Она смотрит на людей, снующих вокруг нас, и шипит, смеясь.
— Кирилл!
— Что? Разве это не та отсылка, которую ты хотела использовать?
— Нет, — она снова смеется, ее выражение лица самое счастливое из всех, что я видел со дня нашей свадьбы. — Иногда ты просто невозможен.
— Значит ли это, что в другое время я терпим?
— Я не знаю. Может быть, — она делает глоток своего горячего шоколада, но продолжает наблюдать за мной поверх стакана. — Рискуя подпитать твое эго, я признаю, что ты выглядишь круто даже в рождественском свитере.
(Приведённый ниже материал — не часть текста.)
(* Fix $r\in\mathbb R$ and let $\rho>0$. For $\theta\in[0,\pi]$, the function $\theta\mapsto\Re\,g_0(\rho e^{i\theta},0,r)$ is decreasing where $$\cos\theta<\frac{1+\rho^2}{2\sqrt2\,\rho}$$ holds and increasing where it does not hold; for $\theta\in[\pi,2\pi]$ the opposite is true. Let $R>0$. For $\phi\in[0,\pi]$, the function $\phi\mapsto-\Re\,g_0(1-Re^{-i\phi},0,r)$ is decreasing where $Q>0$ and increasing where $Q<0$, where $$Q=6\sqrt2-4+(3\sqrt2+2)R^2+16r+4R^2r-8\sqrt2R(1+\sqrt2r)\cos\phi;$$ for $\phi\in[\pi,2\pi]$ the opposite is true. (Monotonicity is meant on intervals avoiding the points $0,\pm1$ where $g_0$ is singular.)
   Context: For $z\in\mathbb C\setminus\{0,1,-1\}$ and $s,r\in\mathbb R$, $$g_0(z,s,r)=\Big(\tfrac1{2\sqrt2}-\tfrac12-s+r\Big)\log z+\Big(\tfrac12-\tfrac1{2\sqrt2}-s\Big)\log(1-z)+\Big(\tfrac12+\tfrac1{2\sqrt2}+s\Big)\log(1+z)+(r-2s)\log(\sqrt2+1)-\tfrac{\log2}{2};$$ its real part does not depend on the choice of branches of the logarithms. *)

theory Defs
  imports "HOL-Analysis.Analysis"
begin

text \<open>The function g_0(z,s,r), using the principal branch Ln of the complex logarithm
  (the real part is branch independent).\<close>
definition g0 :: "complex \<Rightarrow> real \<Rightarrow> real \<Rightarrow> complex" where
  "g0 z s r =
     complex_of_real (1 / (2 * sqrt 2) - 1/2 - s + r) * Ln z
   + complex_of_real (1/2 - 1 / (2 * sqrt 2) - s) * Ln (1 - z)
   + complex_of_real (1/2 + 1 / (2 * sqrt 2) + s) * Ln (1 + z)
   + complex_of_real ((r - 2 * s) * ln (sqrt 2 + 1) - ln 2 / 2)"

definition dec_where :: "(real \<Rightarrow> real) \<Rightarrow> (real \<Rightarrow> bool) \<Rightarrow> real \<Rightarrow> real \<Rightarrow> bool" where
  "dec_where f P a b \<longleftrightarrow>
     (\<forall>x y. a \<le> x \<and> x < y \<and> y \<le> b \<and> (\<forall>t\<in>{x..y}. P t) \<longrightarrow> f y < f x)"

definition inc_where :: "(real \<Rightarrow> real) \<Rightarrow> (real \<Rightarrow> bool) \<Rightarrow> real \<Rightarrow> real \<Rightarrow> bool" where
  "inc_where f P a b \<longleftrightarrow>
     (\<forall>x y. a \<le> x \<and> x < y \<and> y \<le> b \<and> (\<forall>t\<in>{x..y}. P t) \<longrightarrow> f x < f y)"

end

theory Submission
  imports Defs
begin

(* On the circle z = \<rho> e^(i \<theta>) the term ln |z| is constant and |1 -+ z|^2 = 1 + \<rho>^2 -+ 2 \<rho> cos \<theta>,
   so up to a constant Re g0 is a combination of logarithms of affine functions of cos \<theta>, whose
   \<theta>-derivative is sin \<theta> * 2 \<rho>^2 (cos \<theta> - \<tau>) / (|1 - z|^2 |1 + z|^2) with
   \<tau> = (1 + \<rho>^2) / (2 sqrt 2 \<rho>).  Likewise, on the circle w = 1 - R e^(-i \<phi>) the derivative of
   - Re g0 is - sin \<phi> * R Q(\<phi>) / (4 |w|^2 |1 + w|^2).  The mean value theorem and the sign of sin
   on [0, pi] and [pi, 2 pi] give the monotonicity claims. *)

lemma dec_where_by_deriv:
  assumes "\<And>t. P t \<Longrightarrow> f t = F t + K"
    and "\<And>t. P t \<Longrightarrow> (F has_real_derivative F' t) (at t)"
    and "\<And>x y t. a \<le> x \<Longrightarrow> x < t \<Longrightarrow> t < y \<Longrightarrow> y \<le> b \<Longrightarrow> \<forall>u\<in>{x..y}. P u \<Longrightarrow> F' t < 0"
  shows "dec_where f P a b"
  unfolding dec_where_def
proof (intro allI impI)
  fix x y assume xy: "a \<le> x \<and> x < y \<and> y \<le> b \<and> (\<forall>t\<in>{x..y}. P t)"
  then obtain \<xi> where \<xi>: "x < \<xi>" "\<xi> < y" "F y - F x = (y - x) * F' \<xi>"
    using MVT2[of x y F F'] assms(2) by auto
  moreover have "F' \<xi> < 0"
    using assms(3) xy \<xi> by blast
  ultimately have "F y - F x < 0"
    using xy by (simp add: mult_pos_neg)
  then show "f y < f x"
    using assms(1) xy by auto
qed

lemma dec_where_uminus_iff: "dec_where (\<lambda>t. - f t) P a b \<longleftrightarrow> inc_where f P a b"
  by (simp add: dec_where_def inc_where_def)

lemma inc_where_uminus_iff: "inc_where (\<lambda>t. - f t) P a b \<longleftrightarrow> dec_where f P a b"
  by (simp add: dec_where_def inc_where_def)

lemma inc_where_by_deriv:
  assumes "\<And>t. P t \<Longrightarrow> f t = F t + K"
    and "\<And>t. P t \<Longrightarrow> (F has_real_derivative F' t) (at t)"
    and "\<And>x y t. a \<le> x \<Longrightarrow> x < t \<Longrightarrow> t < y \<Longrightarrow> y \<le> b \<Longrightarrow> \<forall>u\<in>{x..y}. P u \<Longrightarrow> F' t > 0"
  shows "inc_where f P a b"
  unfolding dec_where_uminus_iff[symmetric]
  by (rule dec_where_by_deriv[where F = "\<lambda>t. - F t" and F' = "\<lambda>t. - F' t" and K = "- K"])
     (use assms in \<open>auto intro: DERIV_minus\<close>)

(* E need only be positive inside P-intervals lying in one half-period, so it may vanish at
   their endpoints. *)
lemma inc_dec_where_sin_mult_pos:
  assumes "\<And>t. P t \<Longrightarrow> f t = F t + K"
    and "\<And>t. P t \<Longrightarrow> (F has_real_derivative sin t * E t) (at t)"
    and "\<And>x y t. 0 \<le> x \<Longrightarrow> x < t \<Longrightarrow> t < y \<Longrightarrow> y \<le> 2 * pi \<Longrightarrow> y \<le> pi \<or> pi \<le> x \<Longrightarrow>
           \<forall>u\<in>{x..y}. P u \<Longrightarrow> E t > 0"
  shows "inc_where f P 0 pi \<and> dec_where f P pi (2 * pi)"
proof
  show "inc_where f P 0 pi"
  proof (rule inc_where_by_deriv[OF assms(1,2)])
    fix x y t assume "0 \<le> x" "x < t" "t < y" "y \<le> pi" "\<forall>u\<in>{x..y}. P u"
    then show "sin t * E t > 0"
      using assms(3)[of x t y] sin_gt_zero[of t] by auto
  qed
  show "dec_where f P pi (2 * pi)"
  proof (rule dec_where_by_deriv[OF assms(1,2)])
    fix x y t assume "pi \<le> x" "x < t" "t < y" "y \<le> 2 * pi" "\<forall>u\<in>{x..y}. P u"
    then show "sin t * E t < 0"
      using assms(3)[of x t y] sin_lt_zero[of t] pi_gt_zero by (auto simp: mult_neg_pos)
  qed
qed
— Я знаю, — я тоже делаю глоток. — С чистым намерением подпитать твое эго, ты выглядишь красиво, даже когда носишь эти отвратительные цвета.
Она ухмыляется, как восхитительная дурочка.
— Правда?
— Да. На самом деле, я бы не возражал, если бы ты села ко мне на колени, чтобы продемонстрировать тебе доказательства.
Я не ожидал многого от этого заявления, но Саша покидает свое место и садится ко мне на колени. Ее ноги располагаются по обе стороны от моей талии, а руками она обхватывает мою шею.
— Думаю, тут ничего не поделаешь, раз ты сегодня ведешь себя как подобает, я прощаю тебя за то, что ты был засранцем сегодня утром.
— Я прощаю тебя за то, что ты напугала меня до смерти.
Ее губы разошлись.
— Я не знала, что ты способен на такие чувства.
— Я способен на все, когда дело касается тебя, — я впиваюсь пальцами в ее бедро. — У меня травма от вида твоего фальшивого тела.
— Именно поэтому ты попросил меня извиниться на днях?
Я киваю.
— Извини, — шепчет она мне в губы. — Я хотела причинить тебе столько же боли, сколько ты причинил мне.
— Ты превзошла все ожидания, причинив мне ответную боль.
— Мне жаль, — повторяет она, на этот раз, осыпая поцелуями мои щеки, нос, веки и губы.
Мое тело расслабляется под ее прикосновениями, и я закрываю глаза, чтобы почувствовать, как ее тепло сталкивается с моим, а ее сердце бьется в унисон с моим.
Она здесь.
Она действительно здесь.
Каждое утро я просыпаюсь с мыслью, что моя реальность — это сон и что я окажусь в альтернативной реальности, где она мертва.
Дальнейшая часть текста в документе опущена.